Energy efficiency will again be a hot topic at SC12, with at least 38 Technical Program sessions focused on energy efficiency.  A complete list of these sessions organized both chronologically and by topic can be found on the Energy Efficient HPC Working Group website.  SC12, the annual International Conference for High Performance Computing, Networking, Storage and Analysis, will be held Nov. 10-16 in Salt Lake City, Utah. For more information, see the SC12 website.

BROAD SCOPE SESSIONS

The Third Annual Workshop on Energy Efficient High Performance Computing – Redefining System Architecture and Data Centers” promises to be interesting to a broad audience.  Some of the featured speakers include; Peter Kogge, University of Notre Dame who will look at the historical trends of power, energy and supercomputing; John Shalf, Lawrence Berkeley National Laboratory whose talk will focus on the energy requirements for applications; as well as Herbert Huber, Leibniz Supercomputing Center and Steve Hammond, National Renewable Energy Laboratory who will speak about energy efficient data centers.

There are four other technical programs that will cover the topic of energy efficiency at a high level.  Kirk Cameron, Virginia Tech is on the slate to give two talks, both of which have clever and enticing titles with phrases about a “Growing Power Struggle” and “Energy Oddities.”  Prohibitive energy costs motivated Thomas Ludwig, German Climate Computing Center to consider the cost and benefits of “HPC-Based Science in the Exascale Era.”  Finally, there is a “Cool Supercomputing” Birds of Feather (BoF) organized by Pacific Northwest National Laboratory that covers tools and techniques for optimizing energy consumption at all levels.

Setting Trends for Energy Efficiency” is a BoF representing a collaborative effort by the Top500, Green500, the Energy Efficient HPC Working Group and The Green Grid to standardize the power measurement methodology used when running system workloads for architectural comparison, such as High Performance Linpack.  This is one of seven sessions that cover energy efficiency measures and metrics.  The Green500, Top500 and now the Graph500 have their own BoFs and will report power consumption and energy efficiency as well as performance for their Lists.   The High Performance Group  at at the Standard Performance Evaluation Corporation (SPEC) has also organized a BoF that will discuss  a new OpenMP benchmark suite with an optional energy metric that scales to 512 threads.  From the home of the Green500 at Virginia Tech, Balaji Subramaniam will present his doctoral showcase on metrics for energy efficiency.  Finally, an Intel team will present a paper on tuning for the Graph500 Traversal which includes both performance and energy efficiency results.

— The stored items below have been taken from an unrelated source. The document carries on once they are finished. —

lemma tendsto_zipf_poisson_occupancy_div_powr:
  fixes \<beta> C :: real
  assumes \<beta>: "0 < \<beta>" "\<beta> < 1" and C: "0 < C"
    and U_equiv: "(\<lambda>n. U \<beta> n) \<sim>[at_top] (\<lambda>n. C * real n powr \<beta>)"
  shows "(\<lambda>n. poisson_occupancy (\<lambda>k. zipf_p \<beta> (Suc k)) n / real n powr \<beta>) \<longlonglongrightarrow> C"
proof -
  define \<Phi> where "\<Phi> = poisson_occupancy (\<lambda>k. zipf_p \<beta> (Suc k))"
  have "(\<lambda>n. U \<beta> n / (C * real n powr \<beta>)) \<longlonglongrightarrow> 1"
    using U_equiv by (rule asymp_equivD_strong)
      (use C in \<open>auto intro: eventually_mono[OF eventually_gt_at_top[of 0]]\<close>)
  from tendsto_mult[OF tendsto_const[of C] this]
  have U_lim: "(\<lambda>n. U \<beta> n / real n powr \<beta>) \<longlonglongrightarrow> C"
    using C by simp
  have "(\<lambda>n. (U \<beta> n - \<Phi> n) / real n powr \<beta>) \<longlonglongrightarrow> 0"
  proof (rule Lim_null_comparison)
    show "(\<lambda>n::nat. 1 / real n powr \<beta>) \<longlonglongrightarrow> 0"
      using \<beta> by real_asymp
    show "\<forall>\<^sub>F n in sequentially. norm ((U \<beta> n - \<Phi> n) / real n powr \<beta>) \<le> 1 / real n powr \<beta>"
      using U_minus_zipf_poisson_occupancy[OF \<beta>] unfolding \<Phi>_def
      by (intro always_eventually allI) (simp add: divide_right_mono)
  qed
  from tendsto_diff[OF U_lim this]
  show ?thesis
    unfolding \<Phi>_def by (simp add: diff_divide_distrib)
qed

lemma U_minus_powr_bound:
  fixes \<beta> C :: real
  assumes "0 < \<beta>" "\<beta> < 1" "0 < C"
    and "(\<lambda>n. U \<beta> n) \<sim>[at_top] (\<lambda>n. C * real n powr \<beta>)"
  shows "\<bar>U \<beta> n - C * real n powr \<beta>\<bar> \<le> 1"
proof (cases "n = 0")
  case True
  thus ?thesis by (simp add: U_def)
next
  case False
  hence "0 < real n"
    by simp
  from zipf_poisson_occupancy_powr_bounds[OF assms(1,2) this
      tendsto_zipf_poisson_occupancy_div_powr[OF assms]]
  show ?thesis
    using U_minus_zipf_poisson_occupancy[OF assms(1,2), of n] by linarith
qed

SESSIONS FOCUSSED ON SYSTEM HARDWARE

Thirteen of the sessions are exploring system hardware energy efficiency.  Of these thirteen, seven of them focus on alternative processors like GPU and ARM that are continuing the trend towards aggregating low-power processors and using accelerators. There are three BoFs that explore alternative processors and all three are organized by Europeans. The Partnership for Advanced Computing in Europe (PRACE) explores a set of prototypes to test and evaluate promising new technologies for future multi- Petaflop/s systems that include GPUs, ARM processors, DSPs and FPGAs.  The Barcelona Supercomputing Center is heading up an ARM-based exascale demonstration and will review their research results and plans at two BoFs; “Energy Efficient HPC” and “Exascale Research- The European Approach.” Besides these BoFs, there is a session as part of Broader Exchange where Calxeda, an ARM-based server provider, will present their products and roadmaps.  NEC is presenting an exhibitor forum on “Hybrid Solutions with a Vector-Architecutre for Efficiency.”  There is also a paper on “Multi-Core DSP” and a poster on modeling “Power-Performance Efficiency” for GPUs.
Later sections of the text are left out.